Les chiffres qui racontent une réalité complexe
Les données officielles peinent à capturer cette réalité mouvante. Dans de nombreux pays africains, les mariages sont souvent coutumiers ou religieux et leurs dissolutions se font en dehors du système juridique formel, ce qui rend les chiffres officiels peu représentatifs.
Pourtant, quelques tendances se dégagent :
- Les unions polygames sont en déclin en Afrique subsaharienne, mais la baisse est plus rapide pour les enfants vivant dans ces foyers que pour les unions elles-mêmes.

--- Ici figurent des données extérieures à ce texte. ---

(* Fix $\lambda\ge 0$, an angular frequency $\omega>0$, an integer $n\ge 1$, layer thicknesses $d_1,\dots,d_{n-1}>0$, magnetic permeabilities $\mu_1,\dots,\mu_n>0$ and electrical conductivities $\sigma_1,\dots,\sigma_n>0$. For $k=1,\dots,n$ let $u_k=\sqrt{\lambda^2+\mathrm{i}\sigma_k\mu_k\omega}$ and $N_k=\dfrac{u_k}{\mathrm{i}\mu_k\omega}$, and define the surface admittances by $Y_n=N_n$ and, for $k=n-1,\dots,1$, $$Y_k=N_k\,\frac{Y_{k+1}+N_k\tanh(d_ku_k)}{N_k+Y_{k+1}\tanh(d_ku_k)},$$ regarded as functions of $\boldsymbol\sigma=(\sigma_1,\dots,\sigma_n)$. For $k=1,\dots,n-1$ set $$a_k=\frac{Y_{k+1}+N_k\tanh(d_ku_k)}{N_k+Y_{k+1}\tanh(d_ku_k)},\qquad b_k=\frac{1}{[N_k+Y_{k+1}\tanh(d_ku_k)]^2\cosh^2(d_ku_k)}.$$ Then the partial derivatives $Y'_{kj}=\partial Y_k/\partial\sigma_j$, $k,j=1,\dots,n$, satisfy $$Y'_{nn}=\frac{1}{2u_n},\qquad Y'_{nj}=0\ \ (j=1,\dots,n-1),$$ and, for $k=n-1,n-2,\dots,1$, $$Y'_{kj}=N_k^2\,b_k\,Y'_{k+1,j}\quad (j=n,n-1,\dots,k+1),$$ $$Y'_{kk}=\frac{a_k}{2u_k}+\frac{b_k}{2}\Big[N_k^2d_k-Y_{k+1}\Big(d_kY_{k+1}+\frac{1}{\mathrm{i}\mu_k\omega}\Big)\Big],$$ $$Y'_{kj}=0\quad (j=k-1,k-2,\dots,1).$$
   Context: This models a layered soil with $n$ horizontal layers, the $k$-th having thickness $d_k$ (the bottom layer $n$ is infinitely thick), conductivity $\sigma_k$ and permeability $\mu_k$; $\mathrm{i}=\sqrt{-1}$ and the square root is the principal branch. $N_k$ is called the characteristic admittance and $Y_k$ the surface admittance at the top of layer $k$. All quantities depend on the auxiliary variable $\lambda$, suppressed from notation, and the derivatives are taken with respect to the conductivities with $\lambda,\omega,d_k,\mu_k$ fixed (assuming the denominators appearing are nonzero). *)

theory Defs
  imports Complex_Main
begin

text \<open>Layers are indexed 1..n; conductivities, permeabilities, thicknesses are
functions nat => real. lam = auxiliary variable lambda, w = angular frequency omega.\<close>

definition uk :: "real \<Rightarrow> real \<Rightarrow> (nat \<Rightarrow> real) \<Rightarrow> (nat \<Rightarrow> real) \<Rightarrow> nat \<Rightarrow> complex" where
  "uk lam w mu sigma k = csqrt (complex_of_real (lam ^ 2) + \<i> * complex_of_real (sigma k * mu k * w))"

definition Nk :: "real \<Rightarrow> real \<Rightarrow> (nat \<Rightarrow> real) \<Rightarrow> (nat \<Rightarrow> real) \<Rightarrow> nat \<Rightarrow> complex" where
  "Nk lam w mu sigma k = uk lam w mu sigma k / (\<i> * complex_of_real (mu k * w))"

function Yk :: "real \<Rightarrow> real \<Rightarrow> (nat \<Rightarrow> real) \<Rightarrow> (nat \<Rightarrow> real) \<Rightarrow> nat \<Rightarrow> (nat \<Rightarrow> real) \<Rightarrow> nat \<Rightarrow> complex" where
  "Yk lam w d mu n sigma k =
     (if n \<le> k then Nk lam w mu sigma n
      else (let N = Nk lam w mu sigma k; Y1 = Yk lam w d mu n sigma (Suc k);
                t = tanh (complex_of_real (d k) * uk lam w mu sigma k)
            in N * ((Y1 + N * t) / (N + Y1 * t))))"
  by pat_completeness auto
termination
  by (relation "measure (\<lambda>(lam, w, d, mu, n, sigma, k). n - k)") auto

declare Yk.simps [simp del]

definition ak :: "real \<Rightarrow> real \<Rightarrow> (nat \<Rightarrow> real) \<Rightarrow> (nat \<Rightarrow> real) \<Rightarrow> nat \<Rightarrow> (nat \<Rightarrow> real) \<Rightarrow> nat \<Rightarrow> complex" where
  "ak lam w d mu n sigma k =
     (let N = Nk lam w mu sigma k; Y1 = Yk lam w d mu n sigma (Suc k);
          t = tanh (complex_of_real (d k) * uk lam w mu sigma k)
      in (Y1 + N * t) / (N + Y1 * t))"

definition bk :: "real \<Rightarrow> real \<Rightarrow> (nat \<Rightarrow> real) \<Rightarrow> (nat \<Rightarrow> real) \<Rightarrow> nat \<Rightarrow> (nat \<Rightarrow> real) \<Rightarrow> nat \<Rightarrow> complex" where
  "bk lam w d mu n sigma k =
     (let N = Nk lam w mu sigma k; Y1 = Yk lam w d mu n sigma (Suc k);
          x = complex_of_real (d k) * uk lam w mu sigma k
      in 1 / ((N + Y1 * tanh x) ^ 2 * (cosh x) ^ 2))"

end

theory Submission
  imports Defs "HOL-Analysis.Analysis"
begin

text \<open>
  \<open>Y\<^sub>k\<close> depends only on \<open>\<sigma>\<^sub>k, \<dots>, \<sigma>\<^sub>n\<close>, and one step of the recursion is the map
  \<open>N (Y + N T) / (N + Y T)\<close> with \<open>T = tanh (d\<^sub>k u\<^sub>k)\<close>. Differentiating it gives
  \<open>N' a\<^sub>k + N [(1 - T\<^sup>2)(N Y' - Y N') + T' (N\<^sup>2 - Y\<^sup>2)] / (N + Y T)\<^sup>2\<close>, and since
  \<open>T' = d\<^sub>k u' (1 - T\<^sup>2)\<close> and \<open>1 - T\<^sup>2 = 1 / cosh\<^sup>2\<close>, the whole bracket comes with the factor
  \<open>b\<^sub>k\<close>. For \<open>j > k\<close> only \<open>Y\<^sub>k\<^sub>+\<^sub>1\<close> moves; for \<open>j = k\<close> only \<open>N\<^sub>k\<close> and \<open>u\<^sub>k\<close> move,
  with \<open>\<partial>u\<^sub>k/\<partial>\<sigma>\<^sub>k = i\<mu>\<^sub>k\<omega> / (2u\<^sub>k)\<close> and \<open>\<partial>N\<^sub>k/\<partial>\<sigma>\<^sub>k = 1 / (2u\<^sub>k)\<close>.
\<close>

lemma has_vector_derivative_quotient:
  fixes f g :: "real \<Rightarrow> 'a::real_normed_field"
  assumes "(f has_vector_derivative f') (at x)" "(g has_vector_derivative g') (at x)" "g x \<noteq> 0"
  shows "((\<lambda>t. f t / g t) has_vector_derivative (f' * g x - f x * g') / (g x)\<^sup>2) (at x)"
  using has_derivative_divide'[OF assms(1,2)[unfolded has_vector_derivative_def] assms(3)]
  unfolding has_vector_derivative_def
  by (rule has_derivative_eq_rhs)
     (use assms(3) in \<open>auto simp: fun_eq_iff scaleR_conv_of_real field_simps power2_eq_square\<close>)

- La prévalence la plus élevée se trouve en Afrique de l'Ouest.
- Les ménages polygames avec de jeunes enfants ont tendance à être plus pauvres et plus ruraux.
- Les enfants en situation de polygamie ont souvent des mères moins instruites.
Le risque de divorce au cours des 20 premières années de mariage varie considérablement : de 6,9 % au Mali à 47,1 % au Congo-Brazzaville. Ces écarts racontent des réalités matrimoniales profondément différentes.
Une pression sociale qui change de camp
La recrudescence du phénomène de « maîtresse » dans la classe des élites montre que les normes religieuses et légales modernes en matière de nuptialité n'ont pas provoqué de changement majeur des mentalités.
La pression sociale a changé de camp : elle pèse désormais sur les femmes pour qu'elles acceptent des situations qu'elles n'ont pas choisies, plutôt que sur les hommes pour qu'ils assument ce qu'ils font.